EXERCISE REQUIREMENTS: Wherever a line holds the word "powers", copy that line from the data.

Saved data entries

lemma graded_mult:
  fixes P Q :: "'a::comm_semiring_1 poly poly"
  assumes "graded P" and "graded Q"
  shows "graded (P * Q)"
  unfolding graded_def coeff_mult
proof (intro allI degree_sum_le)
  fix r i :: nat
  assume "i \<in> {..r}"
  then have "degree (coeff P i) + degree (coeff Q (r - i)) \<le> r"
    using assms unfolding graded_def by (metis add_le_mono atMost_iff le_add_diff_inverse)
  then show "degree (coeff P i * coeff Q (r - i)) \<le> r"
    using degree_mult_le order_trans by blast
qed simp

lemma graded_sum: "(\<And>x. x \<in> A \<Longrightarrow> graded (f x)) \<Longrightarrow> graded (sum f A)"
  by (induction A rule: infinite_finite_induct) (auto intro: graded_0 graded_add)

lemma graded_prod:
  fixes f :: "'b \<Rightarrow> 'a::comm_semiring_1 poly poly"
  shows "(\<And>x. x \<in> A \<Longrightarrow> graded (f x)) \<Longrightarrow> graded (prod f A)"
  by (induction A rule: infinite_finite_induct) (auto intro: graded_1 graded_mult)

lemma graded_power:
  fixes P :: "'a::comm_semiring_1 poly poly"
  shows "graded P \<Longrightarrow> graded (P ^ n)"
  using graded_prod[of "{..<n}" "\<lambda>_. P"] by simp

lemma coeff_diagonal: "coeff (diagonal P) r = coeff (coeff P r) r"
  unfolding diagonal_def by (subst coeff_Abs_poly[where n = "degree P"]) (auto simp: coeff_eq_0)

lemma diagonal_0: "diagonal 0 = 0"
  by (rule poly_eqI) (simp add: coeff_diagonal)

lemma diagonal_1: "diagonal 1 = 1"
  by (rule poly_eqI) (simp add: coeff_diagonal)

lemma diagonal_add: "diagonal (P + Q) = diagonal P + diagonal Q"
  by (rule poly_eqI) (simp add: coeff_diagonal)

lemma diagonal_mult:
  fixes P Q :: "'a::comm_semiring_1 poly poly"
  assumes "graded P" and "graded Q"
  shows "diagonal (P * Q) = diagonal P * diagonal Q"
proof (rule poly_eqI)
  fix r
  have "coeff (diagonal (P * Q)) r = (\<Sum>i\<le>r. coeff (coeff P i * coeff Q (r - i)) (i + (r - i)))"
    by (simp add: coeff_diagonal coeff_mult coeff_sum)
  also have "\<dots> = (\<Sum>i\<le>r. coeff (coeff P i) i * coeff (coeff Q (r - i)) (r - i))"
    using assms unfolding graded_def by (intro sum.cong refl coeff_mult_at_degree_bounds) auto
  also have "\<dots> = coeff (diagonal P * diagonal Q) r"
    by (simp add: coeff_mult coeff_diagonal)
  finally show "coeff (diagonal (P * Q)) r = coeff (diagonal P * diagonal Q) r" .
qed

lemma diagonal_sum: "diagonal (sum f A) = (\<Sum>x\<in>A. diagonal (f x))"
  by (induction A rule: infinite_finite_induct) (auto simp: diagonal_0 diagonal_add)

lemma diagonal_prod:
  fixes f :: "'b \<Rightarrow> 'a::comm_semiring_1 poly poly"
  shows "(\<And>x. x \<in> A \<Longrightarrow> graded (f x)) \<Longrightarrow> diagonal (prod f A) = (\<Prod>x\<in>A. diagonal (f x))"
  by (induction A rule: infinite_finite_induct)
    (auto simp: diagonal_1 diagonal_mult graded_prod)

lemma diagonal_power:
  fixes P :: "'a::comm_semiring_1 poly poly"
  shows "graded P \<Longrightarrow> diagonal (P ^ n) = diagonal P ^ n"
  using diagonal_prod[of "{..<n}" "\<lambda>_. P"] by simp

lemma diagonal_const: "diagonal [:[:a:]:] = [:a:]"
  by (rule poly_eqI) (simp add: coeff_diagonal coeff_pCons split: nat.split)

lemma diagonal_bilin: "diagonal (bilin a b) = [:a, 1:]"
  by (rule poly_eqI) (simp add: coeff_diagonal bilin_def coeff_pCons split: nat.split)

lemma coeff_eval_inner: "coeff (eval_inner x P) r = poly (coeff P r) x"
  by (simp add: eval_inner_def coeff_map_poly)

lemma eval_inner_0: "eval_inner x 0 = 0"
  by (rule poly_eqI) (simp add: coeff_eval_inner)

lemma eval_inner_1: "eval_inner x 1 = 1"
  by (rule poly_eqI) (simp add: coeff_eval_inner)

lemma eval_inner_add: "eval_inner x (P + Q) = eval_inner x P + eval_inner x Q"
  by (rule poly_eqI) (simp add: coeff_eval_inner)

lemma eval_inner_mult:
  fixes P Q :: "'a::comm_semiring_1 poly poly"
  shows "eval_inner x (P * Q) = eval_inner x P * eval_inner x Q"
  by (rule poly_eqI) (simp add: coeff_eval_inner coeff_mult poly_sum)

lemma eval_inner_sum: "eval_inner x (sum f A) = (\<Sum>y\<in>A. eval_inner x (f y))"
  by (induction A rule: infinite_finite_induct) (auto simp: eval_inner_0 eval_inner_add)

lemma eval_inner_prod:
  fixes f :: "'b \<Rightarrow> 'a::comm_semiring_1 poly poly"
  shows "eval_inner x (prod f A) = (\<Prod>y\<in>A. eval_inner x (f y))"
  by (induction A rule: infinite_finite_induct)
    (auto simp: eval_inner_1 eval_inner_mult)

lemma eval_inner_power:
  fixes P :: "'a::comm_semiring_1 poly poly"
  shows "eval_inner x (P ^ n) = eval_inner x P ^ n"
  using eval_inner_prod[of x "\<lambda>_. P" "{..<n}"] by simp

lemma eval_inner_const: "eval_inner x [:[:a:]:] = [:a:]"
  by (rule poly_eqI) (simp add: coeff_eval_inner coeff_pCons split: nat.split)

lemma eval_inner_bilin: "eval_inner x (bilin a b) = [:a, b + x:]"
  by (rule poly_eqI) (simp add: coeff_eval_inner bilin_def coeff_pCons split: nat.split)

lemma coeff_alt_binomial_sum_eval_inner:
  fixes P :: "'a::{comm_ring_1,ring_char_0} poly poly"
  assumes "graded P" and "r \<le> n"
  shows "coeff (\<Sum>i\<le>n. smult ((-1) ^ i * of_nat (n choose i)) (eval_inner (- of_nat i) P)) r
       = (if r = n then fact n * coeff (diagonal P) n else 0)"
proof -
  have "degree (coeff P r) \<le> n"
    using assms unfolding graded_def by (metis order_trans)
  then have "alt_binomial_sum n (\<lambda>i. poly (coeff P r) (- of_nat i)) = fact n * coeff (coeff P r) n"
    by (rule alt_binomial_sum_poly)
  moreover have "coeff (coeff P r) n = 0" if "r < n"
    using assms(1) that unfolding graded_def by (metis coeff_eq_0 le_less_trans)
  ultimately show ?thesis
    using assms(2) by (auto simp: alt_binomial_sum_def coeff_sum coeff_eval_inner coeff_diagonal)
qed

section \<open>The leading coefficient\<close>

lemma power_product_expansion:
  fixes \<alpha> \<gamma> :: "'a::comm_ring_1"
  shows "([:1, 1:] * [:\<alpha>, 1:]) ^ k =
    (\<Sum>p\<le>k. \<Sum>q\<le>k. smult (of_nat (k choose p) * of_nat (k choose q)
        * (1 - \<gamma>) ^ p * (1 - \<alpha> * \<gamma>) ^ q * \<alpha> ^ (k - q))
      (monom 1 (p + q) * [:1, \<gamma>:] ^ (2 * k - (p + q))))"
proof -
  have split: "[:1, 1:] = [:0, 1 - \<gamma>:] + [:1, \<gamma>:]" "[:\<alpha>, 1:] = [:0, 1 - \<alpha> * \<gamma>:] + smult \<alpha> [:1, \<gamma>:]"
    by simp_all
  have "([:1, 1:] * [:\<alpha>, 1:]) ^ k = [:1, 1:] ^ k * [:\<alpha>, 1:] ^ k"
    by (rule power_mult_distrib)
  also have "\<dots> = (\<Sum>p\<le>k. \<Sum>q\<le>k. of_nat (k choose p) * [:0, 1 - \<gamma>:] ^ p * [:1, \<gamma>:] ^ (k - p)
      * (of_nat (k choose q) * [:0, 1 - \<alpha> * \<gamma>:] ^ q * smult \<alpha> [:1, \<gamma>:] ^ (k - q)))"
    unfolding split binomial_ring sum_product ..
  also have "\<dots> = (\<Sum>p\<le>k. \<Sum>q\<le>k. smult (of_nat (k choose p) * of_nat (k choose q)
        * (1 - \<gamma>) ^ p * (1 - \<alpha> * \<gamma>) ^ q * \<alpha> ^ (k - q))
      (monom 1 (p + q) * [:1, \<gamma>:] ^ (2 * k - (p + q))))"
  proof (intro sum.cong refl)
    fix p q
    assume "p \<in> {..k}" "q \<in> {..k}"
    then have powers: "[:1, \<gamma>:] ^ (k - p) * [:1, \<gamma>:] ^ (k - q) = [:1, \<gamma>:] ^ (2 * k - (p + q))"
      by (simp add: mult_2 flip: power_add)
    have monoms: "monom a p * (monom b q * X) = smult (a * b) (monom 1 (p + q) * X)" for a b :: 'a and X
      by (simp add: smult_monom_mult mult.assoc[symmetric] mult_monom)
    show "of_nat (k choose p) * [:0, 1 - \<gamma>:] ^ p * [:1, \<gamma>:] ^ (k - p)
        * (of_nat (k choose q) * [:0, 1 - \<alpha> * \<gamma>:] ^ q * smult \<alpha> [:1, \<gamma>:] ^ (k - q))
      = smult (of_nat (k choose p) * of_nat (k choose q) * (1 - \<gamma>) ^ p * (1 - \<alpha> * \<gamma>) ^ q * \<alpha> ^ (k - q))
          (monom 1 (p + q) * [:1, \<gamma>:] ^ (2 * k - (p + q)))"
      unfolding pCons_0_power smult_power of_nat_poly powers[symmetric]
      by (simp add: ac_simps monoms)
  qed
  finally show ?thesis .
qed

SOLUTION:
    then have powers: "[:1, \<gamma>:] ^ (k - p) * [:1, \<gamma>:] ^ (k - q) = [:1, \<gamma>:] ^ (2 * k - (p + q))"
      unfolding pCons_0_power smult_power of_nat_poly powers[symmetric]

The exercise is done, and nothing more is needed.